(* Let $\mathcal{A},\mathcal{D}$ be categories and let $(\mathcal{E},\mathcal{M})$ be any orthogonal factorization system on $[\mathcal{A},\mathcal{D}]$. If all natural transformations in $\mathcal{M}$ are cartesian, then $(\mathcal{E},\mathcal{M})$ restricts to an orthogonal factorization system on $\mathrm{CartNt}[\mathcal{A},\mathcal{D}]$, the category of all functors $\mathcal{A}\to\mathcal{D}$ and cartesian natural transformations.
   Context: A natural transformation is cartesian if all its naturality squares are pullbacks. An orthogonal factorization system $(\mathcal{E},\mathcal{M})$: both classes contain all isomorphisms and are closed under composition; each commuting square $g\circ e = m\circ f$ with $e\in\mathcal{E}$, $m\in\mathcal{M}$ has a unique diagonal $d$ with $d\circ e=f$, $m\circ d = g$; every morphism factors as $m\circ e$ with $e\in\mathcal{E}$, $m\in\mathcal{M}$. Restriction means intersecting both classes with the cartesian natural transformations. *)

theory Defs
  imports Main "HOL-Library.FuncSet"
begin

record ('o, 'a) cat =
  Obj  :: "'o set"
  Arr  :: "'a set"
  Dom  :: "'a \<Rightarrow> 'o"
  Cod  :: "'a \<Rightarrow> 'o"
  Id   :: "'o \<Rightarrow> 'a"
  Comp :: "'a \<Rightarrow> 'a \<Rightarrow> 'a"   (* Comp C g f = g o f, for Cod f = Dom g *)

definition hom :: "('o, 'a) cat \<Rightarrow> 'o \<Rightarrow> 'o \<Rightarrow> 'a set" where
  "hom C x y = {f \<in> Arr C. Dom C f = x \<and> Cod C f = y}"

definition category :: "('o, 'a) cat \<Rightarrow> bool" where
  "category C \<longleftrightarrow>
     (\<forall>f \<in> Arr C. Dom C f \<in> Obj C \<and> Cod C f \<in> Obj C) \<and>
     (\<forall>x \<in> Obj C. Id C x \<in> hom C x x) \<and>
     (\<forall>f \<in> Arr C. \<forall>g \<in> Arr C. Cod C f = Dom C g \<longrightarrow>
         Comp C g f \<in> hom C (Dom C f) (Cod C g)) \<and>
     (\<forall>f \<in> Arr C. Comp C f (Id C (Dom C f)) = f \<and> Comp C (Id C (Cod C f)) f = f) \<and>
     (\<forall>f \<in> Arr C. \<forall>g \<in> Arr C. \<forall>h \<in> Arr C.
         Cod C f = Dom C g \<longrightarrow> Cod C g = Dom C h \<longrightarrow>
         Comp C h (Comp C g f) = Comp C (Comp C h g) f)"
+++
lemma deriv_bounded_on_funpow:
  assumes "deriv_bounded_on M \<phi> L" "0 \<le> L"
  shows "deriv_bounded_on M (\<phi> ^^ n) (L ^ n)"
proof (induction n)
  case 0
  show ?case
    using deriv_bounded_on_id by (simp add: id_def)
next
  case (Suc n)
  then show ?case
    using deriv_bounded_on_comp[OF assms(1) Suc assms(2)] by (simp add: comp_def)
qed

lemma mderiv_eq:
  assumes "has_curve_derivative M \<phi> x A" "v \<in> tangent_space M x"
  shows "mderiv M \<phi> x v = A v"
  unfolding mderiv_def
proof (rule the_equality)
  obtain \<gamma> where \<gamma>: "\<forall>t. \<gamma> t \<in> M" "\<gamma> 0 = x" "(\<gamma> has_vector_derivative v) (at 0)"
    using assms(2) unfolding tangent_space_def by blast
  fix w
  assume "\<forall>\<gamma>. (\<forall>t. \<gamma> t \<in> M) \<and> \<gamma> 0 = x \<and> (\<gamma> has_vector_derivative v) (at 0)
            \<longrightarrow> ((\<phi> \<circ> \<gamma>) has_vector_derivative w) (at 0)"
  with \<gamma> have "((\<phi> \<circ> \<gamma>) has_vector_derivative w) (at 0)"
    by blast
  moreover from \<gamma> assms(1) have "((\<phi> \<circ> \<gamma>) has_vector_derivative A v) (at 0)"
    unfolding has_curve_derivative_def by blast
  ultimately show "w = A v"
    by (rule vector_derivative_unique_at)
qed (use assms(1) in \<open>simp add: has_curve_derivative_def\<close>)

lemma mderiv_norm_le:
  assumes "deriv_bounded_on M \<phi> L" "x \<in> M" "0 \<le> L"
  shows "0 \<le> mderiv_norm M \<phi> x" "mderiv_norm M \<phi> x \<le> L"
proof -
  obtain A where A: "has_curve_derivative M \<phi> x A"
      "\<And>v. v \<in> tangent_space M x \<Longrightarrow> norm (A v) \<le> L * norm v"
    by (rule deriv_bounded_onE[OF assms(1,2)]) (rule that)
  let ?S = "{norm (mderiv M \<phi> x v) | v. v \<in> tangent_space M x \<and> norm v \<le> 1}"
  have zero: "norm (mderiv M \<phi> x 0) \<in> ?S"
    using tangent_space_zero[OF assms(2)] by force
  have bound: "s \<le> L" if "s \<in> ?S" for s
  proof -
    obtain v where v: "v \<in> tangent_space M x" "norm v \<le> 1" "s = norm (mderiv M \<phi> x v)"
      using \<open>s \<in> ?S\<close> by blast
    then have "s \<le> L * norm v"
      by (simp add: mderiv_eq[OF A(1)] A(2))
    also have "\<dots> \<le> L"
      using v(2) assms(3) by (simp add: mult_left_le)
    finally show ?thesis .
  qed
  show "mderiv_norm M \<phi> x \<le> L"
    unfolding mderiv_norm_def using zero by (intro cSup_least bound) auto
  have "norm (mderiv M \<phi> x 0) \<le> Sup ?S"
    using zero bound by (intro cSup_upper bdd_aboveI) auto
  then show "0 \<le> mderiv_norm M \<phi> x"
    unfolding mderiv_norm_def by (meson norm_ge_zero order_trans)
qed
+++
▶ Problem: Scan the entries for the word "unfolding". Report each line that has it.

▶ Output of the exercise:
  unfolding mderiv_def
    using assms(2) unfolding tangent_space_def by blast
    unfolding has_curve_derivative_def by blast
    unfolding mderiv_norm_def using zero by (intro cSup_least bound) auto
    unfolding mderiv_norm_def by (meson norm_ge_zero order_trans)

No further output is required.